§ **Task description**
The response must consist of the lines below from the one with "by (induction rule: std_roots.induct)" through the one with "j = std_cartan", exactly as they appear and with both ends kept.
[Input material — start]
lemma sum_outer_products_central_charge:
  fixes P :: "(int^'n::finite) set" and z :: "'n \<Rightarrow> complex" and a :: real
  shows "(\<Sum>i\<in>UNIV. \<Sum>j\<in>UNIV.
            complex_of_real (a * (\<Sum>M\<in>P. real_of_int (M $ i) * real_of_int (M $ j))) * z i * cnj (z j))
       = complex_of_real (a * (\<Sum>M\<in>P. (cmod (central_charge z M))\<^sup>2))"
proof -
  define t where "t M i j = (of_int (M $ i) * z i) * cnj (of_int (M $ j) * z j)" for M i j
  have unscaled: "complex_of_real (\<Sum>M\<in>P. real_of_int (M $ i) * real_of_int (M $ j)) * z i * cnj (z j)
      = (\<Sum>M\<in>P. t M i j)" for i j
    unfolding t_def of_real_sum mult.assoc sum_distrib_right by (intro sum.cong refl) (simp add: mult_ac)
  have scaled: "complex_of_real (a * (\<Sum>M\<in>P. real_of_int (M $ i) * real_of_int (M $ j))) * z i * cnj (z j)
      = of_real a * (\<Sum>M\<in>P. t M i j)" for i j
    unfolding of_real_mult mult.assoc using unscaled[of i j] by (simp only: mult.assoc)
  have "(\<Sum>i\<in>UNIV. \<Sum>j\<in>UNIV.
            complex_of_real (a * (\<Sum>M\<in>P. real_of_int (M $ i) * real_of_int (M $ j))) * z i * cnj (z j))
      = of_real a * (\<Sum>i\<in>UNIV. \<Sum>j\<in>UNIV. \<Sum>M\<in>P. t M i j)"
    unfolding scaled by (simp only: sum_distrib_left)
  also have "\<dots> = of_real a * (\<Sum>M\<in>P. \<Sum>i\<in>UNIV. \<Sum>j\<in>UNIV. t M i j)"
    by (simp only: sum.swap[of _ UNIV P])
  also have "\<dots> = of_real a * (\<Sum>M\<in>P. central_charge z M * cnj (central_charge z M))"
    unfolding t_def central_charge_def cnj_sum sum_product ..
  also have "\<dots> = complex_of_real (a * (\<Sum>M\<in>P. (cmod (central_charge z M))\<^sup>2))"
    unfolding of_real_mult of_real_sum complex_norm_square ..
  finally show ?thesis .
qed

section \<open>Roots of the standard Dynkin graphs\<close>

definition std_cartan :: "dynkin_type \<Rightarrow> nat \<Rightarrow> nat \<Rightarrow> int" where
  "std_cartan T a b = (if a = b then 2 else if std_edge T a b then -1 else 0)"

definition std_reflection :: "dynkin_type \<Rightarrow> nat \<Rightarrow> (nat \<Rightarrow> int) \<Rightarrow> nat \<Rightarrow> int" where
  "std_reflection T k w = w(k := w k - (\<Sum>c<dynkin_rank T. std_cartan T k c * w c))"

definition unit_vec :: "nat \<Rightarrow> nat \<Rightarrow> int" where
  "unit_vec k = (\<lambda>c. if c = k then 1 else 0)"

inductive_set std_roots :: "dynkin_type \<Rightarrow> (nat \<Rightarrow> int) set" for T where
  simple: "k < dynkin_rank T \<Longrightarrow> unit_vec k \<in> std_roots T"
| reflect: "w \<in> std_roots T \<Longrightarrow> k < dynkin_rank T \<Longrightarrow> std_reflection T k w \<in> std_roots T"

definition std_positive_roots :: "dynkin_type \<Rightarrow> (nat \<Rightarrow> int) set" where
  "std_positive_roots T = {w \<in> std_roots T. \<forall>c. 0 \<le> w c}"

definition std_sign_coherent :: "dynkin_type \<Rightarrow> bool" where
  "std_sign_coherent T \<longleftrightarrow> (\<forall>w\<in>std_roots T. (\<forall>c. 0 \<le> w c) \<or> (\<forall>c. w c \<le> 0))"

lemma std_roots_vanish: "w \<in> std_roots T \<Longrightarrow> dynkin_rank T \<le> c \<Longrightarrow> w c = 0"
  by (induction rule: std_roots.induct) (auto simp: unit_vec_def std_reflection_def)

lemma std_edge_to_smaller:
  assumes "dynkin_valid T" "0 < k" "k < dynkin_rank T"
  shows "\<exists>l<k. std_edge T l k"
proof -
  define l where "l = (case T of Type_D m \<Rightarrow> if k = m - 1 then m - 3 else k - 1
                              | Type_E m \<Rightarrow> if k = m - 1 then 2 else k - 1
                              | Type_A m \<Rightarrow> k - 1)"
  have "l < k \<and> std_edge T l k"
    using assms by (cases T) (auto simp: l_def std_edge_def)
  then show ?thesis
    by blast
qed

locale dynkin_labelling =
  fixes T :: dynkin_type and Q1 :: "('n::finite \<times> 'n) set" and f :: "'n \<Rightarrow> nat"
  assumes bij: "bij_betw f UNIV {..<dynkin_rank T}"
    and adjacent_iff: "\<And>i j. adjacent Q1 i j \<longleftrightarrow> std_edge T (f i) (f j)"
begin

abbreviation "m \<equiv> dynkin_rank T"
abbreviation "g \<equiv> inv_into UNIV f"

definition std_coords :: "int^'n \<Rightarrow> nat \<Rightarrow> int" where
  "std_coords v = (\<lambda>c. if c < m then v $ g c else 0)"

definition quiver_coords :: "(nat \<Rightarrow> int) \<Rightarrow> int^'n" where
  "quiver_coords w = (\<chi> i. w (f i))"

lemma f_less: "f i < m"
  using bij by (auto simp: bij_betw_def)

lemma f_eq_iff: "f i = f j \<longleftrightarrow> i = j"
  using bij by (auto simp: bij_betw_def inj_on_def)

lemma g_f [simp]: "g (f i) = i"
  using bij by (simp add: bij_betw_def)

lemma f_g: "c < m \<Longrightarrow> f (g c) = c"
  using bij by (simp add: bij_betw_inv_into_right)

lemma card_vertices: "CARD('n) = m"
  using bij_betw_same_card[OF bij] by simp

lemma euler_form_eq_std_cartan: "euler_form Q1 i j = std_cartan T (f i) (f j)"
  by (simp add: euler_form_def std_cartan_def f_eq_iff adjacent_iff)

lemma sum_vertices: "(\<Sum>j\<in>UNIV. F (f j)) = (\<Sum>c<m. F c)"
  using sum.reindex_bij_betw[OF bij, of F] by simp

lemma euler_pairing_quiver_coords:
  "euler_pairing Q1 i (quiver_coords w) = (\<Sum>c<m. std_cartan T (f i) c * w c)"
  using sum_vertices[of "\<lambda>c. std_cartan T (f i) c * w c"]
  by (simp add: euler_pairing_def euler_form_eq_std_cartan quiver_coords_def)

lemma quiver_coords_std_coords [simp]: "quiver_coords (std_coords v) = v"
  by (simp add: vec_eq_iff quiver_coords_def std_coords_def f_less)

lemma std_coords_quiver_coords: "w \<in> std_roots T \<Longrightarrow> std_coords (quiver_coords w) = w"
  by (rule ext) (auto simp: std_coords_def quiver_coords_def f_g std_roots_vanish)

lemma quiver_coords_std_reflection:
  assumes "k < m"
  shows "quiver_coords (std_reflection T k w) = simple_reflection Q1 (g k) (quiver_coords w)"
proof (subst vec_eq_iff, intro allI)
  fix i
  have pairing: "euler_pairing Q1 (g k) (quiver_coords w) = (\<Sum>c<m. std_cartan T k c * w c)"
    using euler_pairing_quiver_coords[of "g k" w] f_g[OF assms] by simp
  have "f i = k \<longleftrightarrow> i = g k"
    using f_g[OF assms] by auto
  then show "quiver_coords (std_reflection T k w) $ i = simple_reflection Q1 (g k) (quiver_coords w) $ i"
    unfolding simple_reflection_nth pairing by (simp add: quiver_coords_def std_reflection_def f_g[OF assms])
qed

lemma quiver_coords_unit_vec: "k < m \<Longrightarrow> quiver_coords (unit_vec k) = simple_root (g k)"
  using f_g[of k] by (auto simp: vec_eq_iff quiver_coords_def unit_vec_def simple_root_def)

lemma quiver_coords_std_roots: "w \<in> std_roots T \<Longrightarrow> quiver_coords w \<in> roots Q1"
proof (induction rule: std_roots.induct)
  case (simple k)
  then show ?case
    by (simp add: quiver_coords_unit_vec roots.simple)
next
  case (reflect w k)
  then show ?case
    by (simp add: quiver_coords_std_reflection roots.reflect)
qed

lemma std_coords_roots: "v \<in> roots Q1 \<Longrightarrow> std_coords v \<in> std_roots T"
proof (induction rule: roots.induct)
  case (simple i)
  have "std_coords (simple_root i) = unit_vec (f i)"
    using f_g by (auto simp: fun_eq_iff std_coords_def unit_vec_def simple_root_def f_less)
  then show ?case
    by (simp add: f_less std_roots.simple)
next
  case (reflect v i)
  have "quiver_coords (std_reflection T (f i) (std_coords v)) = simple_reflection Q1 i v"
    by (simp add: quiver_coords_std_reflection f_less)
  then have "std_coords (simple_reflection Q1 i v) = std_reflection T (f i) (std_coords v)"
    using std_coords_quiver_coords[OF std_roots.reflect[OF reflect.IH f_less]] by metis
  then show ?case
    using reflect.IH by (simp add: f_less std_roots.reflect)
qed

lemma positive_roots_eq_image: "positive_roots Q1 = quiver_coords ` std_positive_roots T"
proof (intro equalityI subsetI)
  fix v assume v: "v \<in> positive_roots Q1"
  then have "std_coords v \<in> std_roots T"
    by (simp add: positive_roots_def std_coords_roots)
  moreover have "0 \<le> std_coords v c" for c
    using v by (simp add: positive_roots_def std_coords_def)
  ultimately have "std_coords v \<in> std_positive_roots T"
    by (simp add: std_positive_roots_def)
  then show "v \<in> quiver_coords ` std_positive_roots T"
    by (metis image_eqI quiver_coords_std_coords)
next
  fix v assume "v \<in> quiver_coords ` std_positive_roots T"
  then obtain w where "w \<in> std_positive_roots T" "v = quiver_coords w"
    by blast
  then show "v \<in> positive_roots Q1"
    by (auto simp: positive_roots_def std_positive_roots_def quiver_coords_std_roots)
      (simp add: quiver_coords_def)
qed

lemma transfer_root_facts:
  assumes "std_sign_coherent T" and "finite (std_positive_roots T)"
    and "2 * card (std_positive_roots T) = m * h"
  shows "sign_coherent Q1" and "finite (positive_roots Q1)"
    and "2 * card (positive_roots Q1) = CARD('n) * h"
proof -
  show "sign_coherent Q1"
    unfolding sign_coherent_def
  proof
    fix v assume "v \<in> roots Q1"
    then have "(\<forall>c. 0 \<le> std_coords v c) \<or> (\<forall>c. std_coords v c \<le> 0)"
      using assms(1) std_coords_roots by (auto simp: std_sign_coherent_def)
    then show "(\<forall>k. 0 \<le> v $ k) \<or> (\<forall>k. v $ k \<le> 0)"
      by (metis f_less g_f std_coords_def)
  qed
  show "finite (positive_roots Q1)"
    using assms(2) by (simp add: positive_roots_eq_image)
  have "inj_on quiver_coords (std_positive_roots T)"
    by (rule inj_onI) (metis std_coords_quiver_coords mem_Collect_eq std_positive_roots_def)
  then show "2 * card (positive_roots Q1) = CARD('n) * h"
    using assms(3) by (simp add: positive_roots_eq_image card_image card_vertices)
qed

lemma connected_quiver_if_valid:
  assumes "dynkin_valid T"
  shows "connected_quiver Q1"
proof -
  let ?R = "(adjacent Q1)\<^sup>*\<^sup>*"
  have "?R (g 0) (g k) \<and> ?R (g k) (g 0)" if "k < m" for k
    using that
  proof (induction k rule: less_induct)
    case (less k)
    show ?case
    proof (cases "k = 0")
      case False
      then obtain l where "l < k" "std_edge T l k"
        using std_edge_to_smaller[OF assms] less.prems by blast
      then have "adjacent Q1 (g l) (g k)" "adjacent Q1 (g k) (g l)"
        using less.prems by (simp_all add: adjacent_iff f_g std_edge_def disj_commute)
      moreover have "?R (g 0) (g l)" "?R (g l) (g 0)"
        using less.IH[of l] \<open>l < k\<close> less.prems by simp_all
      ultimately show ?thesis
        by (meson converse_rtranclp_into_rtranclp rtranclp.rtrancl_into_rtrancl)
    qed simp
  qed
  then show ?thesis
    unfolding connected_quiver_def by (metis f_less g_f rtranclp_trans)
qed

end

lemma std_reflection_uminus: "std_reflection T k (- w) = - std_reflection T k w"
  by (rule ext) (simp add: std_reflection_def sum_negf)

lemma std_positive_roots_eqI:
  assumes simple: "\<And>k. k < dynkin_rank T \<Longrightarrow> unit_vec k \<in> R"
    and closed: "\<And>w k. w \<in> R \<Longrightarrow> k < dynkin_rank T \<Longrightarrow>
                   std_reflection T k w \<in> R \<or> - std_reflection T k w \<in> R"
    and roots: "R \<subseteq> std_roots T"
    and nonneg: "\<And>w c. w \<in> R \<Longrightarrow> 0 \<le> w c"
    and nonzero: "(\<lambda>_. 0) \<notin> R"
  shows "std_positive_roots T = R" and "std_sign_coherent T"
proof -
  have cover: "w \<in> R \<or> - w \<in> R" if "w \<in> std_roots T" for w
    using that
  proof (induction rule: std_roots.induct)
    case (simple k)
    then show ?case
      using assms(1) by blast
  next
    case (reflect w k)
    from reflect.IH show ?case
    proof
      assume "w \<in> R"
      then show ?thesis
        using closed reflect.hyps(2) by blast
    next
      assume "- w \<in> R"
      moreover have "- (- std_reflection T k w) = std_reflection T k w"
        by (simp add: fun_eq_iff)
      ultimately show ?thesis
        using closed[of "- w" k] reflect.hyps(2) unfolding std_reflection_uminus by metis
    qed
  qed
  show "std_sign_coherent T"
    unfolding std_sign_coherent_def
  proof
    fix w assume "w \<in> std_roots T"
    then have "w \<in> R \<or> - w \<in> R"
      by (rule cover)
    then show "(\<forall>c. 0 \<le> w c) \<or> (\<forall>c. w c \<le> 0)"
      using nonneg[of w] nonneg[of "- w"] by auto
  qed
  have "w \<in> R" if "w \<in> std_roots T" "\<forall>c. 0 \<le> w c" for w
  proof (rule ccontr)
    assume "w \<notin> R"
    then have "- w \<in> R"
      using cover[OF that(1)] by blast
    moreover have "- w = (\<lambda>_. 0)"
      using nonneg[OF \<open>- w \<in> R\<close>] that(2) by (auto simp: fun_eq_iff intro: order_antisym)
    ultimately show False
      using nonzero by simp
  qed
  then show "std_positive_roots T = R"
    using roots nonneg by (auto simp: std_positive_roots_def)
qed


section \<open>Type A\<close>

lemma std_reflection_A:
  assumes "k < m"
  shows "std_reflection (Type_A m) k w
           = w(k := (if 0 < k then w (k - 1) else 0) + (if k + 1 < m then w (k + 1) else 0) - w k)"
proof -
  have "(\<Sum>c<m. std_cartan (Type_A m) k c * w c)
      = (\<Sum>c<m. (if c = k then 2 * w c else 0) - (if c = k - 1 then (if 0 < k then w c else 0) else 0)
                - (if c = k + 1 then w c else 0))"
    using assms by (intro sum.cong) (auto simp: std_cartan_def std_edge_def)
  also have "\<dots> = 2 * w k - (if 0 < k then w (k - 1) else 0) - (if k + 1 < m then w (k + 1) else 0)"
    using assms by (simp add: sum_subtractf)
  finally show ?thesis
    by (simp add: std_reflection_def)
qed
[Input material — finish]
[Input material — start]
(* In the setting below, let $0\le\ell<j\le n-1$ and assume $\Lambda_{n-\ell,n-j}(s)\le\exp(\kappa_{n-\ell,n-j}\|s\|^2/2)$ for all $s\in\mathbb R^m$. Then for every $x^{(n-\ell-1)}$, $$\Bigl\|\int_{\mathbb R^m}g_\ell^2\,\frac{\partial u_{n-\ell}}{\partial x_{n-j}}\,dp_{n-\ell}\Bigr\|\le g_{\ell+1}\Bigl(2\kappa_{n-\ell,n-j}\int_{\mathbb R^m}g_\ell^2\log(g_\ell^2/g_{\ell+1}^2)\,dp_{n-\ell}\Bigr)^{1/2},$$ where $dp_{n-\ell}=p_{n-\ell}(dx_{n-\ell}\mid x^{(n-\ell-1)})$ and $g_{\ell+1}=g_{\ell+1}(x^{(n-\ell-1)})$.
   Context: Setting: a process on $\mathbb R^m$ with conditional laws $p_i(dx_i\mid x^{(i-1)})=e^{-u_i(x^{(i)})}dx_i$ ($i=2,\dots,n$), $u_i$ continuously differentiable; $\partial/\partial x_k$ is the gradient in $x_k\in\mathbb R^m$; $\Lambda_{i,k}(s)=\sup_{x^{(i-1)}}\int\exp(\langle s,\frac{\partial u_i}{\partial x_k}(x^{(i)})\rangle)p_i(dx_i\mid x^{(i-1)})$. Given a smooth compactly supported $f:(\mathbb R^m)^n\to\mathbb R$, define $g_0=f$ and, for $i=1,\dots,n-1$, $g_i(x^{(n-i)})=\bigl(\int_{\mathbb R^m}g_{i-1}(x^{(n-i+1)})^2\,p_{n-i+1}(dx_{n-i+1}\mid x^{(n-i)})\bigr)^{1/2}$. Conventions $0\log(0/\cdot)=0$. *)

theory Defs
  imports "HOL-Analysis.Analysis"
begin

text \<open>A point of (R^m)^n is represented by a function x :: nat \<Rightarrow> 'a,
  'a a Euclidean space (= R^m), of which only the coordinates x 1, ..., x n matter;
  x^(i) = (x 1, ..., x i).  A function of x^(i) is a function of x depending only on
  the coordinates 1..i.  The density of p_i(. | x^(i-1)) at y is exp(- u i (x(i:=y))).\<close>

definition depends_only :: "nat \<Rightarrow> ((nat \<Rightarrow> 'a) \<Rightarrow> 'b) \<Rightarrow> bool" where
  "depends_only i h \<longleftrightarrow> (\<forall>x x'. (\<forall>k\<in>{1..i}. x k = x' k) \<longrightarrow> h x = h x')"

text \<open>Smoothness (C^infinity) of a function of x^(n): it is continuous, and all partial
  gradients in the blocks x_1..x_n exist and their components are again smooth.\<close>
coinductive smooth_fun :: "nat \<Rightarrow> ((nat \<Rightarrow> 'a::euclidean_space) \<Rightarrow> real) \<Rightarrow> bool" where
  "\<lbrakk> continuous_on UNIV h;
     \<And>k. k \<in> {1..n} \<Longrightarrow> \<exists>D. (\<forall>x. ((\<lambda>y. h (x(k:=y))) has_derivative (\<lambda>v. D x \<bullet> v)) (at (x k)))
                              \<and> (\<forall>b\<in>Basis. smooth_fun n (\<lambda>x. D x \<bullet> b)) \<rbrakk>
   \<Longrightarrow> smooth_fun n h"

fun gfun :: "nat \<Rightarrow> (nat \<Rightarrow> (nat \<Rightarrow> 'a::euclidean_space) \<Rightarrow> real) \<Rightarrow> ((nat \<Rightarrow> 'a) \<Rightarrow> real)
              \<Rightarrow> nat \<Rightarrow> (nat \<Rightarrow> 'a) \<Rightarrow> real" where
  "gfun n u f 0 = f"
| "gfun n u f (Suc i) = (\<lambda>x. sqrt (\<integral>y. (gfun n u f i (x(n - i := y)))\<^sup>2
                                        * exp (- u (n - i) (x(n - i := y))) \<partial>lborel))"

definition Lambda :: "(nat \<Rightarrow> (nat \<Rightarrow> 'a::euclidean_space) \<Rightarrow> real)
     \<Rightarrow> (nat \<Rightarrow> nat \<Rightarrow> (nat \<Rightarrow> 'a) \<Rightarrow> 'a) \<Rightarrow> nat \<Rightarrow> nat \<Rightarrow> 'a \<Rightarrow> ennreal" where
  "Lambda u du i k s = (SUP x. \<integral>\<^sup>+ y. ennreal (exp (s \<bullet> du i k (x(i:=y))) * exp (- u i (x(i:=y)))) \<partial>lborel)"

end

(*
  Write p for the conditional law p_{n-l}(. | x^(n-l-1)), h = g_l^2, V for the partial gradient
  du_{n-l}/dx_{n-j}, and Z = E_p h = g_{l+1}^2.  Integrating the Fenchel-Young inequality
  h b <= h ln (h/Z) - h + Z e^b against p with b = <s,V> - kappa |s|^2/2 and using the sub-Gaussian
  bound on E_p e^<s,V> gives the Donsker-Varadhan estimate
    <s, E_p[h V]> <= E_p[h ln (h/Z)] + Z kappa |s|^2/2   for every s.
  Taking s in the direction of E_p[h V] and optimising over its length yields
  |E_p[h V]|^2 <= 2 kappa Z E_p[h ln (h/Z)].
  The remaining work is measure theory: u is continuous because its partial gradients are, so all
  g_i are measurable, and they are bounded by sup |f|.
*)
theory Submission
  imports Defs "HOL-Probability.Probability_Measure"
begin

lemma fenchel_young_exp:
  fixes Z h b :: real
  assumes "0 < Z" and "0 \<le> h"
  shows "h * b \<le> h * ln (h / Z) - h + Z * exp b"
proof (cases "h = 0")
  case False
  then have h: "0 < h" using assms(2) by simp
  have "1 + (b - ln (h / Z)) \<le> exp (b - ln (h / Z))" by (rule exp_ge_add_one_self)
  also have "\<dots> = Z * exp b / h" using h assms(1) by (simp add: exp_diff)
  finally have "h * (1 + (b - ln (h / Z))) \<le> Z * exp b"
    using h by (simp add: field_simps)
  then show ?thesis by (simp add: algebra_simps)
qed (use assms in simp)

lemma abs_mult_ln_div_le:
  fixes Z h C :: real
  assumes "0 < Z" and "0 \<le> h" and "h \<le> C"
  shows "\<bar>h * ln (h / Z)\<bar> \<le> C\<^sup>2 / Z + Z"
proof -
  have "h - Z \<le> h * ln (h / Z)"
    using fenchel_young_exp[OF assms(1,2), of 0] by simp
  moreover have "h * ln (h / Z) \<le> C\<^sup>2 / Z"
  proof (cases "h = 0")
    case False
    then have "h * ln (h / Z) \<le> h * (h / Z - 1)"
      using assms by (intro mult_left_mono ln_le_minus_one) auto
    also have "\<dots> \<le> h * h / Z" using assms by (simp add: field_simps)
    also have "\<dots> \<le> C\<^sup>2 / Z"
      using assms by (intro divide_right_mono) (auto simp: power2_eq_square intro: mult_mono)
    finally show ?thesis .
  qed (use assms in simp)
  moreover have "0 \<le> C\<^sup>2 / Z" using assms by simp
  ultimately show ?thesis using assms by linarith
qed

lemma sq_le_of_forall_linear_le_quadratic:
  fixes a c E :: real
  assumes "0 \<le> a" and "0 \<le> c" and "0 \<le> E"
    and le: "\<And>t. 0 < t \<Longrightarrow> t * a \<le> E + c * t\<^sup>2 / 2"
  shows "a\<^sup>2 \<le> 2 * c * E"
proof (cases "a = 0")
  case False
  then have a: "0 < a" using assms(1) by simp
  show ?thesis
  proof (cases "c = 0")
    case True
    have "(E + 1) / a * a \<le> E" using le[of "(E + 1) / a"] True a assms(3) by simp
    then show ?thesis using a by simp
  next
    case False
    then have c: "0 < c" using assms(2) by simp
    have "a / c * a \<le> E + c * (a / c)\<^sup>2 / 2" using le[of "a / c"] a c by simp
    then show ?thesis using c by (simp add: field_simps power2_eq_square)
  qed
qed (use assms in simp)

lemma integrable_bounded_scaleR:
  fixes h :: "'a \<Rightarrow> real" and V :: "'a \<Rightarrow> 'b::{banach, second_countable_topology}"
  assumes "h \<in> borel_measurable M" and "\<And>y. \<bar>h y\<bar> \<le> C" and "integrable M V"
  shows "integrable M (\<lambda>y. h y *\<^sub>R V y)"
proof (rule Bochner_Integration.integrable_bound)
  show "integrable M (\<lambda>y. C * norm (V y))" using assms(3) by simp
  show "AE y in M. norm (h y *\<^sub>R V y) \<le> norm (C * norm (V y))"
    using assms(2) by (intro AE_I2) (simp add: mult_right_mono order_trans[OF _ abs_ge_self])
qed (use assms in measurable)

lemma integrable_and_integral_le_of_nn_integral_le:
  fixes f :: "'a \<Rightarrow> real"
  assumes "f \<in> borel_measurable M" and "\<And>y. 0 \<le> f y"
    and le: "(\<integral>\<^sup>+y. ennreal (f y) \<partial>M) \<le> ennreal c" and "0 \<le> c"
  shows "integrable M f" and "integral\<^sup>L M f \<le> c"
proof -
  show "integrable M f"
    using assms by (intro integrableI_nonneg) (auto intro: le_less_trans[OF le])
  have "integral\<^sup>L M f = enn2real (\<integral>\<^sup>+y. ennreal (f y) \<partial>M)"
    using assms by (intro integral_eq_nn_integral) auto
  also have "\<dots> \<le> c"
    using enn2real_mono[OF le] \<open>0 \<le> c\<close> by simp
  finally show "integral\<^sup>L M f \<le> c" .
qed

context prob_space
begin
[Input material — finish]
[Input material — start]
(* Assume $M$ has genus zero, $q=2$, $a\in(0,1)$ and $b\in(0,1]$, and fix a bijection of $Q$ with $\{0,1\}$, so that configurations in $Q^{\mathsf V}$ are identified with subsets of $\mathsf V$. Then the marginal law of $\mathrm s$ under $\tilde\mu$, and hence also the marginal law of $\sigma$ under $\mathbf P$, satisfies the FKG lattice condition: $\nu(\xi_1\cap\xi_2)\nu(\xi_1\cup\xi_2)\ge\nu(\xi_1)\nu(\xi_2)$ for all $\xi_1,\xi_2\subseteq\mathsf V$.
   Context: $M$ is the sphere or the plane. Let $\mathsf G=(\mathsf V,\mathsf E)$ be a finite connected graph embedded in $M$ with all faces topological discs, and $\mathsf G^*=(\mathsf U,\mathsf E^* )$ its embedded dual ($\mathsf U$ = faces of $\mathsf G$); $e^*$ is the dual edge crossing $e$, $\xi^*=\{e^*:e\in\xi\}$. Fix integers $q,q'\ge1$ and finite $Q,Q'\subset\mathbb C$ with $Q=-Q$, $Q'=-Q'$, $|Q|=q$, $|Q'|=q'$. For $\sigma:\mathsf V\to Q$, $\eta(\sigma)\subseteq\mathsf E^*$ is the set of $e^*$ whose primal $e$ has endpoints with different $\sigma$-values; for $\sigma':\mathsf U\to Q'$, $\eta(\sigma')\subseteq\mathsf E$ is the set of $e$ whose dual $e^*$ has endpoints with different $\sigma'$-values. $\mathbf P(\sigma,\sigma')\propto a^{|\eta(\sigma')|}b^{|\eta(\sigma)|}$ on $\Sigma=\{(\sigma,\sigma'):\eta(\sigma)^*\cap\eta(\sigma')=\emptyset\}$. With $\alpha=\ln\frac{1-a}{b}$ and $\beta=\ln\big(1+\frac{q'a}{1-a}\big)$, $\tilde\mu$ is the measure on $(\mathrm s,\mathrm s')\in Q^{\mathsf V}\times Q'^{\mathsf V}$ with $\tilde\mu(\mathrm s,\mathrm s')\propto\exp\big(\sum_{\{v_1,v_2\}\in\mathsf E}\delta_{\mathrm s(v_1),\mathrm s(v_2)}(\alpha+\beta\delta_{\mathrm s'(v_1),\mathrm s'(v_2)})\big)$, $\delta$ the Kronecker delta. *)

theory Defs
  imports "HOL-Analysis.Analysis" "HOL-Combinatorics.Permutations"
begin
[Input material — finish]
§ **Written response**
  by (induction rule: std_roots.induct) (auto simp: unit_vec_def std_reflection_def)

lemma std_edge_to_smaller:
  assumes "dynkin_valid T" "0 < k" "k < dynkin_rank T"
  shows "\<exists>l<k. std_edge T l k"
proof -
  define l where "l = (case T of Type_D m \<Rightarrow> if k = m - 1 then m - 3 else k - 1
                              | Type_E m \<Rightarrow> if k = m - 1 then 2 else k - 1
                              | Type_A m \<Rightarrow> k - 1)"
  have "l < k \<and> std_edge T l k"
    using assms by (cases T) (auto simp: l_def std_edge_def)
  then show ?thesis
    by blast
qed

locale dynkin_labelling =
  fixes T :: dynkin_type and Q1 :: "('n::finite \<times> 'n) set" and f :: "'n \<Rightarrow> nat"
  assumes bij: "bij_betw f UNIV {..<dynkin_rank T}"
    and adjacent_iff: "\<And>i j. adjacent Q1 i j \<longleftrightarrow> std_edge T (f i) (f j)"
begin

abbreviation "m \<equiv> dynkin_rank T"
abbreviation "g \<equiv> inv_into UNIV f"

definition std_coords :: "int^'n \<Rightarrow> nat \<Rightarrow> int" where
  "std_coords v = (\<lambda>c. if c < m then v $ g c else 0)"

definition quiver_coords :: "(nat \<Rightarrow> int) \<Rightarrow> int^'n" where
  "quiver_coords w = (\<chi> i. w (f i))"

lemma f_less: "f i < m"
  using bij by (auto simp: bij_betw_def)

lemma f_eq_iff: "f i = f j \<longleftrightarrow> i = j"
  using bij by (auto simp: bij_betw_def inj_on_def)

lemma g_f [simp]: "g (f i) = i"
  using bij by (simp add: bij_betw_def)

lemma f_g: "c < m \<Longrightarrow> f (g c) = c"
  using bij by (simp add: bij_betw_inv_into_right)

lemma card_vertices: "CARD('n) = m"
  using bij_betw_same_card[OF bij] by simp

lemma euler_form_eq_std_cartan: "euler_form Q1 i j = std_cartan T (f i) (f j)"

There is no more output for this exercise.